• **Stored data entries**:
definition FIM :: "nat \<Rightarrow> nat \<Rightarrow> nat \<Rightarrow> nat \<Rightarrow> real \<Rightarrow>
    (real \<Rightarrow> real \<Rightarrow> nat \<Rightarrow> complex) \<Rightarrow> (real \<Rightarrow> real \<Rightarrow> nat \<Rightarrow> complex) \<Rightarrow>
    (nat \<Rightarrow> real) \<Rightarrow> (nat \<Rightarrow> real) \<Rightarrow> (nat \<Rightarrow> complex) \<Rightarrow>
    complex mat \<Rightarrow> complex mat \<Rightarrow> real mat" where
  "FIM Nt Nr M L sigma2 a b th ph al Wc Ws =
    (let R = Wc * herm Wc + Ws * herm Ws;
         A = steer Nt M a th ph; At = steer_dth Nt M a th ph; Ap = steer_dph Nt M a th ph;
         B = steer Nr M b th ph; Bt = steer_dth Nr M b th ph; Bp = steer_dph Nr M b th ph;
         U = diag_alpha M al
     in (2 * real L / sigma2) \<cdot>\<^sub>m block4 M
          (FIM_blocks (Fpq U R A At At B Bt Bt) (Fpq U R A At Ap B Bt Bp) (Fp3 U R A At B Bt)
                      (Fpq U R A Ap Ap B Bp Bp) (Fp3 U R A Ap B Bp) (F33 R A B)))"

definition feasible :: "nat \<Rightarrow> nat \<Rightarrow> nat \<Rightarrow> real \<Rightarrow> complex mat \<Rightarrow> complex mat \<Rightarrow> bool" where
  "feasible Nt K Ns Pt Wc Ws \<longleftrightarrow>
     Wc \<in> carrier_mat Nt K \<and> Ws \<in> carrier_mat Nt Ns \<and>
     Re (mtrace (hcat Wc Ws * herm (hcat Wc Ws))) \<le> Pt"

end

theory Submission
  imports Defs
begin

text \<open>The FIM is \<open>2L/\<sigma>\<^sub>s\<^sup>2\<close> times the real Gram matrix of the partial derivatives
  of the noiseless echo \<open>B U A\<^sup>H W\<close> with respect to \<open>\<theta>\<^sub>m\<close>, \<open>\<phi>\<^sub>m\<close>, \<open>Re \<alpha>\<^sub>m\<close> and
  \<open>Im \<alpha>\<^sub>m\<close>, and these derivatives depend on \<open>W = [W\<^sub>c, W\<^sub>s]\<close> only through \<open>X\<^sup>H W\<close>, where
  \<open>X = [A, \<partial>\<^sub>\<theta>A, \<partial>\<^sub>\<phi>A]\<close> has \<open>3M\<close> columns. Hence an invertible FIM has an inverse of positive
  trace, and scaling \<open>W\<close> by \<open>\<kappa>\<close> scales the FIM by \<open>\<kappa>\<^sup>2\<close>.
  Write \<open>W\<^sub>s = X T + V\<close> with \<open>X\<^sup>H V = 0\<close>. Replacing \<open>W\<^sub>s\<close> by \<open>X T\<close> keeps the FIM and, if
  \<open>V \<noteq> 0\<close>, strictly lowers the transmit power; scaling back up to the power budget then
  multiplies the FIM by a factor \<open>> 1\<close> and strictly lowers the CRLB, contradicting optimality.
  So \<open>V = 0\<close> and \<open>rank W\<^sub>s \<le> rank (X T) \<le> 3M\<close>.\<close>

definition cinner :: "'a set \<Rightarrow> ('a \<Rightarrow> complex) \<Rightarrow> ('a \<Rightarrow> complex) \<Rightarrow> complex" where
  "cinner S u v = (\<Sum>x\<in>S. cnj (u x) * v x)"

lemma cinner_commute: "cinner S v u = cnj (cinner S u v)"
  by (simp add: cinner_def mult.commute)

lemma cinner_add_left: "cinner S (\<lambda>x. u x + w x) v = cinner S u v + cinner S w v"
  by (simp add: cinner_def distrib_right sum.distrib)

lemma cinner_add_right: "cinner S u (\<lambda>x. v x + w x) = cinner S u v + cinner S u w"
  by (simp add: cinner_def distrib_left sum.distrib)

lemma cinner_diff_right: "cinner S u (\<lambda>x. v x - w x) = cinner S u v - cinner S u w"
  by (simp add: cinner_def right_diff_distrib sum_subtractf)

lemma cinner_mult_left: "cinner S (\<lambda>x. c * u x) v = cnj c * cinner S u v"
  by (simp add: cinner_def sum_distrib_left mult.assoc)

lemma cinner_mult_right: "cinner S u (\<lambda>x. c * v x) = c * cinner S u v"
  by (simp add: cinner_def sum_distrib_left algebra_simps)

lemma cinner_sum_left: "cinner S (\<lambda>x. \<Sum>k\<in>J. u k x) v = (\<Sum>k\<in>J. cinner S (u k) v)"
  by (simp add: cinner_def sum_distrib_right sum.swap[of _ J])

lemma cinner_sum_right: "cinner S u (\<lambda>x. \<Sum>k\<in>J. v k x) = (\<Sum>k\<in>J. cinner S u (v k))"
  by (simp add: cinner_def sum_distrib_left sum.swap[of _ J])

lemma cinner_cong:
  "(\<And>x. x \<in> S \<Longrightarrow> u x = u' x) \<Longrightarrow> (\<And>x. x \<in> S \<Longrightarrow> v x = v' x) \<Longrightarrow> cinner S u v = cinner S u' v'"
  by (simp add: cinner_def)

lemma cinner_self: "cinner S u u = of_real (\<Sum>x\<in>S. (cmod (u x))\<^sup>2)"
  unfolding cinner_def of_real_sum
  by (intro sum.cong refl) (metis complex_norm_square mult.commute of_real_power)

lemma cinner_self_eq_0_iff:
  assumes "finite S"
  shows "cinner S u u = 0 \<longleftrightarrow> (\<forall>x\<in>S. u x = 0)"
proof -
  have "cinner S u u = 0 \<longleftrightarrow> (\<Sum>x\<in>S. (cmod (u x))\<^sup>2) = 0"
    unfolding cinner_self of_real_eq_0_iff ..
  with assms show ?thesis by (simp add: sum_nonneg_eq_0_iff)
qed

definition tensor :: "('a \<Rightarrow> complex) \<Rightarrow> ('b \<Rightarrow> complex) \<Rightarrow> 'a \<times> 'b \<Rightarrow> complex" where
  "tensor u v = (\<lambda>(x, y). u x * v y)"

lemma cinner_tensor: "cinner (S \<times> T) (tensor u v) (tensor u' v') = cinner S u u' * cinner T v v'"
  unfolding cinner_def tensor_def sum_product sum.cartesian_product
  by (intro sum.cong refl) (auto simp: algebra_simps)

lemma mat_adjoint_dim [simp]:
  "dim_row (herm A) = dim_col A" "dim_col (herm A) = dim_row A"
  by (simp_all add: mat_adjoint_def)

lemma mat_adjoint_index [simp]:
  "i < dim_col A \<Longrightarrow> j < dim_row A \<Longrightarrow> herm A $$ (i, j) = cnj (A $$ (j, i))"
  by (simp add: mat_adjoint_def mat_of_rows_index)

lemma mat_adjoint_carrier [simp]: "A \<in> carrier_mat n m \<Longrightarrow> herm A \<in> carrier_mat m n"
  by auto

lemma mat_adjoint_adjoint [simp]: "herm (herm A) = A"
  by (intro eq_matI) simp_all

lemma adjoint_mult_index:
  assumes "X \<in> carrier_mat n m" "Y \<in> carrier_mat n k" "i < m" "j < k"
  shows "(herm X * Y) $$ (i, j) = cinner {..<n} (\<lambda>b. X $$ (b, i)) (\<lambda>b. Y $$ (b, j))"
  using assms by (simp add: cinner_def scalar_prod_def atLeast0LessThan)

lemma mat_adjoint_mult:
  assumes "X \<in> carrier_mat n m" "T \<in> carrier_mat m k"
  shows "herm (X * T) = herm T * herm X"
  using assms by (intro eq_matI) (auto simp: scalar_prod_def mult.commute)

lemma mult_adjoint_index:
  assumes "P \<in> carrier_mat m N" "Q \<in> carrier_mat k N" "j < m" "i < k"
  shows "(P * herm Q) $$ (j, i) = cinner {..<N} (\<lambda>c. Q $$ (i, c)) (\<lambda>c. P $$ (j, c))"
  using assms by (simp add: cinner_def scalar_prod_def atLeast0LessThan mult.commute)

lemma sandwich_index:
  assumes "X \<in> carrier_mat n m" "Y \<in> carrier_mat n m" "W \<in> carrier_mat n N" "i < m" "j < m"
  shows "(herm X * (W * herm W) * Y) $$ (j, i)
       = cinner {..<N} (\<lambda>c. (herm Y * W) $$ (i, c)) (\<lambda>c. (herm X * W) $$ (j, c))"
proof -
  have "herm (herm Y * W) = herm W * Y"
    using mat_adjoint_mult[OF mat_adjoint_carrier[OF assms(2)] assms(3)] by simp
  moreover have "herm X * (W * herm W) * Y = (herm X * W) * (herm W * Y)"
  proof -
    have "herm X * (W * herm W) = herm X * W * herm W"
      using assms by (simp add: assoc_mult_mat[of "herm X" m n W N "herm W" n])
    also have "\<dots> * Y = herm X * W * (herm W * Y)"
      using assms by (intro assoc_mult_mat) auto
    finally show ?thesis .
  qed
  ultimately have "herm X * (W * herm W) * Y = (herm X * W) * herm (herm Y * W)"
    by simp
  then show ?thesis
    by (simp only:) (rule mult_adjoint_index; use assms in auto)
qed

lemma hcat_dim [simp]:
  "dim_row (hcat P Q) = dim_row P" "dim_col (hcat P Q) = dim_col P + dim_col Q"
  by (simp_all add: hcat_def)

lemma hcat_carrier [simp]: "P \<in> carrier_mat n k \<Longrightarrow> Q \<in> carrier_mat n l \<Longrightarrow> hcat P Q \<in> carrier_mat n (k + l)"
  by auto

lemma hcat_index:
  "i < dim_row P \<Longrightarrow> j < dim_col P + dim_col Q \<Longrightarrow>
   hcat P Q $$ (i, j) = (if j < dim_col P then P $$ (i, j) else Q $$ (i, j - dim_col P))"
  by (simp add: hcat_def)

lemma mult_hcat:
  assumes "Y \<in> carrier_mat m n" "P \<in> carrier_mat n k" "Q \<in> carrier_mat n l"
  shows "Y * hcat P Q = hcat (Y * P) (Y * Q)"
  using assms by (intro eq_matI) (auto simp: hcat_index scalar_prod_def intro!: sum.cong)

lemma sum_lessThan_add: "(\<Sum>c<k + (l::nat). f c) = (\<Sum>c<k. f c) + (\<Sum>c<l. f (k + c))"
  by (induct l) (simp_all add: add.assoc)

lemma hcat_smult:
  "P \<in> carrier_mat n k \<Longrightarrow> Q \<in> carrier_mat n l \<Longrightarrow> hcat (c \<cdot>\<^sub>m P) (c \<cdot>\<^sub>m Q) = c \<cdot>\<^sub>m hcat P Q"
  by (intro eq_matI) (auto simp: hcat_def)

lemma hcat_mult_adjoint:
  assumes "P \<in> carrier_mat n k" "Q \<in> carrier_mat n l"
  shows "hcat P Q * herm (hcat P Q) = P * herm P + Q * herm Q"
proof (rule eq_matI)
  fix i j assume "i < dim_row (P * herm P + Q * herm Q)" "j < dim_col (P * herm P + Q * herm Q)"
  with assms have i: "i < n" and j: "j < n" by auto
  have "(hcat P Q * herm (hcat P Q)) $$ (i, j) = (\<Sum>c<k + l. hcat P Q $$ (i, c) * cnj (hcat P Q $$ (j, c)))"
    using assms i j by (simp add: scalar_prod_def atLeast0LessThan)
  also have "\<dots> = (\<Sum>c<k. P $$ (i, c) * cnj (P $$ (j, c))) + (\<Sum>c<l. Q $$ (i, c) * cnj (Q $$ (j, c)))"
    unfolding sum_lessThan_add using assms i j by (simp add: hcat_index)
  also have "\<dots> = (P * herm P + Q * herm Q) $$ (i, j)"
    using assms i j by (simp add: scalar_prod_def atLeast0LessThan)
  finally show "(hcat P Q * herm (hcat P Q)) $$ (i, j) = (P * herm P + Q * herm Q) $$ (i, j)" .
qed (use assms in auto)

lemma adjoint_hcat_mult_index:
  assumes "P \<in> carrier_mat n k" "Q \<in> carrier_mat n l" "V \<in> carrier_mat n N" "i < k + l" "c < N"
  shows "(herm (hcat P Q) * V) $$ (i, c) = (if i < k then (herm P * V) $$ (i, c) else (herm Q * V) $$ (i - k, c))"
proof -
  have "(herm (hcat P Q) * V) $$ (i, c) = cinner {..<n} (\<lambda>b. hcat P Q $$ (b, i)) (\<lambda>b. V $$ (b, c))"
    using assms by (intro adjoint_mult_index) auto
  then show ?thesis
    using assms by (auto simp: adjoint_mult_index[where n = n] hcat_index simp del: index_mult_mat(1)
        intro!: cinner_cong)
qed

lemma adjoint_hcat_mult_eq_0D:
  assumes "P \<in> carrier_mat n k" "Q \<in> carrier_mat n l" "V \<in> carrier_mat n N"
    and "herm (hcat P Q) * V = 0\<^sub>m (k + l) N"
  shows "herm P * V = 0\<^sub>m k N" "herm Q * V = 0\<^sub>m l N"
proof -
  have "(herm P * V) $$ (i, c) = 0" if "i < k" "c < N" for i c
    using adjoint_hcat_mult_index[OF assms(1-3), of i c] assms(4) that by simp
  moreover have "(herm Q * V) $$ (i, c) = 0" if "i < l" "c < N" for i c
    using adjoint_hcat_mult_index[OF assms(1-3), of "k + i" c] assms(4) that by simp
  ultimately show "herm P * V = 0\<^sub>m k N" "herm Q * V = 0\<^sub>m l N"
    using assms(1-3) by (auto intro!: eq_matI simp del: index_mult_mat(1))
qed

lemma adjoint_mult_hcat_add_orthogonal:
  assumes "Y \<in> carrier_mat n m" "Wc \<in> carrier_mat n K" "P \<in> carrier_mat n N" "V \<in> carrier_mat n N"
    and "herm Y * V = 0\<^sub>m m N"
  shows "herm Y * hcat Wc (P + V) = herm Y * hcat Wc P"
proof -
  have "herm Y * P \<in> carrier_mat m N"
    using mult_carrier_mat[OF mat_adjoint_carrier[OF assms(1)] assms(3)] .
  then have "herm Y * (P + V) = herm Y * P"
    using assms by (simp add: mult_add_distrib_mat[of "herm Y" m n P N V])
  then show ?thesis
    using mult_hcat[OF mat_adjoint_carrier[OF assms(1)] assms(2) add_carrier_mat[OF assms(4)]]
      mult_hcat[OF mat_adjoint_carrier[OF assms(1)] assms(2,3)] by simp
qed

lemma adjoint_mult_mult_eq_0:
  assumes "X \<in> carrier_mat n d" "T \<in> carrier_mat d N" "V \<in> carrier_mat n N" "herm X * V = 0\<^sub>m d N"
  shows "herm (X * T) * V = 0\<^sub>m N N"
proof -
  have "herm (X * T) * V = herm T * (herm X * V)"
    using assms by (simp add: mat_adjoint_mult[OF assms(1,2)]
        assoc_mult_mat[OF mat_adjoint_carrier[OF assms(2)] mat_adjoint_carrier[OF assms(1)] assms(3)])
  then show ?thesis
    using assms(2,4) by simp
qed

subsection \<open>Orthogonal decomposition and rank\<close>

lemma orthogonal_decomposition_vec:
  fixes X :: "nat \<Rightarrow> nat \<Rightarrow> complex"
  shows "\<exists>t v. (\<forall>b<n. w b = (\<Sum>i<d. t i * X i b) + v b) \<and> (\<forall>i<d. cinner {..<n} (X i) v = 0)"
proof (induction d arbitrary: w)
  case 0
  show ?case
    by (intro exI[of _ "\<lambda>_. 0"] exI[of _ w]) simp
next
  case (Suc d)
  obtain t v where tv: "\<forall>b<n. w b = (\<Sum>i<d. t i * X i b) + v b" and v: "\<forall>i<d. cinner {..<n} (X i) v = 0"
    using Suc.IH by blast
  obtain s u where su: "\<forall>b<n. X d b = (\<Sum>i<d. s i * X i b) + u b" and u: "\<forall>i<d. cinner {..<n} (X i) u = 0"
    using Suc.IH by blast
  \<comment> \<open>one Gram-Schmidt step: remove from \<open>v\<close> its component along the new direction \<open>u\<close>\<close>
  define k where "k = cinner {..<n} u v / cinner {..<n} u u"
  define v' where "v' b = v b - k * u b" for b
  have "\<forall>b<n. w b = (\<Sum>i<Suc d. (if i < d then t i - k * s i else k) * X i b) + v' b"
    using tv su by (simp add: v'_def algebra_simps sum_subtractf sum_distrib_left)
  moreover have "cinner {..<n} (X i) v' = 0" if "i < Suc d" for i
  proof (cases "i < d")
    case True
    then show ?thesis
      using u v by (simp add: v'_def[abs_def] cinner_diff_right cinner_mult_right)
  next
    case False
    then have "i = d"
      using that by simp
    have uv': "cinner {..<n} u v' = 0"
    proof (cases "cinner {..<n} u u = 0")
      case True
      then have "\<forall>b\<in>{..<n}. u b = 0"
        using cinner_self_eq_0_iff[of "{..<n}" u] by simp
      then show ?thesis
        by (simp add: cinner_def)
    next
      case False
      have "cinner {..<n} u v' = cinner {..<n} u v - k * cinner {..<n} u u"
        unfolding v'_def[abs_def] by (simp only: cinner_diff_right cinner_mult_right)
      also have "\<dots> = 0"
        using False unfolding k_def by simp
      finally show ?thesis .
    qed
    have "cinner {..<n} (X d) v' = cinner {..<n} (\<lambda>b. (\<Sum>i<d. s i * X i b) + u b) v'"
      using su by (intro cinner_cong) auto
    also have "\<dots> = 0"
      using u v uv' by (simp add: cinner_add_left cinner_sum_left cinner_mult_left v'_def[abs_def]
          cinner_diff_right cinner_mult_right)
    finally show ?thesis
      using \<open>i = d\<close> by simp
  qed
  ultimately show ?case
    by (intro exI[where x = "\<lambda>i. if i < d then t i - k * s i else k"] exI[where x = v'] conjI) auto
qed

• **Activity**:
For every line above with the word "swap" in it, make a copy.

• **Response to this task**:
  by (simp add: cinner_def sum_distrib_right sum.swap[of _ J])
  by (simp add: cinner_def sum_distrib_left sum.swap[of _ J])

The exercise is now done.